Convert Scanpy (h5ad) to Seurat (rds)

Hi Everyone,

I am trying to convert my h5ad to a Seurat rds to run R-based pseudo time algorithms (monocle, slingshot, etc). However I keep running into errors on the commonly posted methods. Does anyone have any advice or experience on how to effectively read a scanpy h5ad in R?



I’ve had luck converting Seurat objects to AnnData objects in memory using the sceasy::convertFormat as demonstrated in our R tutorial here Integrating datasets with scVI in R - scvi-tools. You could try using this in the inverse direction using the from and to args.

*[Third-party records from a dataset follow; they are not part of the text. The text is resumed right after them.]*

lemma set_decomps_Suc:
  "set_decomps I (Suc k) = (\<lambda>(S, Ds). S # Ds) ` (SIGMA S:Pow I. set_decomps (I - S) k)"
proof (rule set_eqI)
  fix Ds
  show "Ds \<in> set_decomps I (Suc k) \<longleftrightarrow>
      Ds \<in> (\<lambda>(S, Ds). S # Ds) ` (SIGMA S:Pow I. set_decomps (I - S) k)"
    by (cases Ds) (auto simp: Cons_in_set_decomps Nil_in_set_decomps)
qed

definition ord_set_parts_len :: "'a set \<Rightarrow> nat \<Rightarrow> 'a set list set" where
  "ord_set_parts_len I j = {Ss \<in> ord_set_parts I. length Ss = j}"

lemma ord_set_parts_len_iff:
  "Ss \<in> ord_set_parts_len I j \<longleftrightarrow> Ss \<in> set_decomps I j \<and> (\<forall>S\<in>set Ss. S \<noteq> {})"
  by (auto simp: ord_set_parts_len_def ord_set_parts_def set_decomps_def)

lemma ord_set_parts_len_0: "ord_set_parts_len I 0 = (if I = {} then {[]} else {})"
  by (auto simp: ord_set_parts_len_iff set_decomps_0 split: if_splits)

lemma ord_set_parts_len_Suc:
  "ord_set_parts_len I (Suc j) =
    (\<lambda>(S, Ds). S # Ds) ` (SIGMA S:Pow I - {{}}. ord_set_parts_len (I - S) j)"
proof (rule set_eqI)
  fix Ds
  show "Ds \<in> ord_set_parts_len I (Suc j) \<longleftrightarrow>
      Ds \<in> (\<lambda>(S, Ds). S # Ds) ` (SIGMA S:Pow I - {{}}. ord_set_parts_len (I - S) j)"
    by (cases Ds) (auto simp: ord_set_parts_len_iff Cons_in_set_decomps Nil_in_set_decomps)
qed

lemma finite_ord_set_parts_len: "finite I \<Longrightarrow> finite (ord_set_parts_len I j)"
  by (rule finite_subset[OF _ finite_set_decomps[of I j]]) (auto simp: ord_set_parts_len_iff)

P.S. Would be best to categorize this kind of question in the future under the “AnnData” tag.

1 Like

Hi @Justin_Hong , thank you for the tip! I found a lot of good information from the link you provided.

I have ran into a error though, have you seen this one before?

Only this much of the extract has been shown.